I have a 5505 in my lab. I was following the lesson above when I came to the section to configure the tunnel group looks like the type command is not supported. Do I need to use a 5510 for this configuration. Thanks
I have an ASA 5506-X running version 9.8(2) and I find that I have the “type” keyword available. Actually, the tunnel-group command is considered incomplete if you don’t include the “type” keyword. My output looks like this if I try not to use the “type” keyword.
myASA(config)# tunnel-group laz
ERROR: % Incomplete command
myASA(config)# tunnel-group laz ?
configure mode commands/options:
type Enter the type of this group-policy
I found the issues this morning. In the lesson it shows the type command being run from global config mode when it should have been run as part of webvpn configuration. Just a typo in the lesson which I should have caught yesterday. See lesson test below. Thank you for your response.
I’m not sure I follow. The tunnel-group MY_TUNNEL type remote-access and the tunnel-group MY_TUNNEL general-attributes should indeed be run under the global configuration mode. The commands you show above are correct, and I have attempted to input them in my ASA as well, with success.
Maybe the only thing that should be added here is that after the webvpn configuration, you should exit out to global config mode where the tunnel-group commands must be implemented. Is that what you mean?
I will let @ReneMolenaar know to take a look and see if he can add those exit commands to return to the global configuration mode.
You are correct. Looks like the “type” command is not available if the tunnel group name has already been created. I guess their was some confusion on my part. I did the configuration again this morning and it works as outlined in the lesson. Why is the type command also available under webvpn?

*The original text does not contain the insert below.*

(* Let $T(u)=\exp\big(u\,\mathrm{diag}\big(\begin{psmallmatrix}0&1\\1&0\end{psmallmatrix},\begin{psmallmatrix}0&1\\-1&0\end{psmallmatrix},0\big)\big)\in SO^+(1,4)$ and let $\xi_i=T(u)E_i$. Consider Willmore surfaces (with dual surfaces) invariant under $T$, with initial curve $Y(u)=T(u)(a,0,b,0,c)^t$, $a=\cos\theta$, $b=\sin\theta$, $c=\sqrt{\cos2\theta}$, $0\le\theta\le\pi/4$, and invariant frame along it given in the basis $\xi_i$ by $\psi=(0,-b^2q,-\frac ca\sqrt{1-b^2q^2},abq,\frac ba\sqrt{1-b^2q^2})+hY$, $P_1=(0,a,0,b,0)+mY$, $P_2=(-cq,-b\sqrt{1-b^2q^2},0,a\sqrt{1-b^2q^2},-aq)+pY$ with real constants $h,m,q,p$, $|q|\le1/|b|$, and $\hat Y$ the null vector orthogonal to $P_1,P_2,\psi,\psi'$ with $\langle\hat Y,Y\rangle=-1$. Then all such surfaces are obtained as follows: (i) If $c\ne0$, then $p=\frac{amh+a^2q-bcm\sqrt{1-b^2q^2}}{ac}$ and the Björling data are $(\mu_1,\mu_2,k_1,k_2)=\big(m,\ acq-p,\ \frac{bc\sqrt{1-b^2q^2}}{2a}-\frac h2,\ -\frac c2\big)$, $\rho_1=\frac{a^2h^2-2abch\sqrt{1-q^2b^2}+a^2p^2+c^4q^2-2a^3cpq-a^2m^2+c^2}{2a^2}$, $\rho_2=\frac{a^2cmq-ach-amp-b\sqrt{1-q^2b^2}}{a}$, with $0\le\theta<\pi/4$, $|q|\le1/|\sin\theta|$ and $m,q,h$ arbitrary. (ii) If $c=0$, the Björling data are $(\mu_1,\mu_2,k_1,k_2,\rho_1,\rho_2)=\big(m,-p,-\frac h2,0,\frac{h^2+p^2-m^2}2,-pm-\sqrt{1-h^2m^2}\big)$ with $h,m,p\in\mathbb R$ arbitrary subject to $|hm|\le1$.
   Context: $\mathbb R^5_1$ is $\mathbb R^5$ with $\langle x,y\rangle=-x_0y_0+\sum_{j=1}^4x_jy_j$ and standard basis $E_0,\dots,E_4$; surfaces are $y=[Y]$ with $Y$ in the forward light cone. For a Willmore surface with canonical lift $Y$ w.r.t. $z=u+iv$ ($\langle Y_z,Y_z\rangle=0,\langle Y_z,Y_{\bar z}\rangle=\frac12$), conformal Gauss map $\psi$ (unit spacelike, orthogonal to $Y,Y_z,Y_{\bar z},Y_{z\bar z}$) and dual surface $[\hat Y]$ (second envelope of $\psi$: $\langle\hat Y,\psi\rangle=\langle\hat Y,\psi_z\rangle=0$, $\langle Y,\hat Y\rangle=-1$), with unit vector fields $P_1,P_2$ along $v=0$ satisfying $P_1\equiv Y_u\bmod Y$, $P_1\perp\hat Y$, $P_2\perp\{\psi,Y,\hat Y,P_1\}$, the Björling data are the real functions with $Y_u=-\mu_1Y+P_1$, $\hat Y_u=\mu_1\hat Y+\rho_1P_1+\rho_2P_2$, $P_{1u}=\mu_2P_2+2k_1\psi+\hat Y+\rho_1Y$, $P_{2u}=-\mu_2P_1-2k_2\psi+\rho_2Y$, $\psi_u=-2k_1P_1+2k_2P_2$. The constraint $\langle\hat Y,\psi'\rangle=0$ is equivalent to $amh+a^2q-bcm\sqrt{1-b^2q^2}-acp=0$. *)

theory Defs
  imports "HOL-Analysis.Analysis"
begin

I have one issue where I am not able ping from outside host 10.10.10.2 to inside 192.168.1.1 once the tunnel is created. I have a default route on R1. I can reach both ip addresses from the asa.
Thanks
Looking on my ASA in more detail, I see what is happening. Looking under the webvpn configuration mode, I cannot find the tunnel-group command nor the type keyword, as shown below:
myASA(config)# webvpn
myASA(config-webvpn)# ?
WebVPN commands:
anyconnect AnyConnect configuration parameters
anyconnect-custom-attr Define custom user policy attributes for AnyConnect
!<--output omitted -->
smart-tunnel Configure a list of programs to use smart tunnel
ssl-server-check Verify remote https server's certificate
tunnel-group-list Configure WebVPN group list dropdown in login page
tunnel-group-preference Tunnel Group Preferences
myASA(config-webvpn)#
By using the context sensitive help and issuing the tunnel-group? command, it gives you the commands that you can use in this mode starting with “tunnel-group”. It shows you the two commands shown in the list above, but it also shows you the configure mode commands and options that are available from this prompt. Here it shows you that you are able to issue both webvpn mode and configure mode commands. This means that you can indeed issue the tunnel-group command from the webvpn mode, but it will execute it as if you were in the configuration mode. Whether you do it in the webvpn or configuration mode, the results of the command are the same.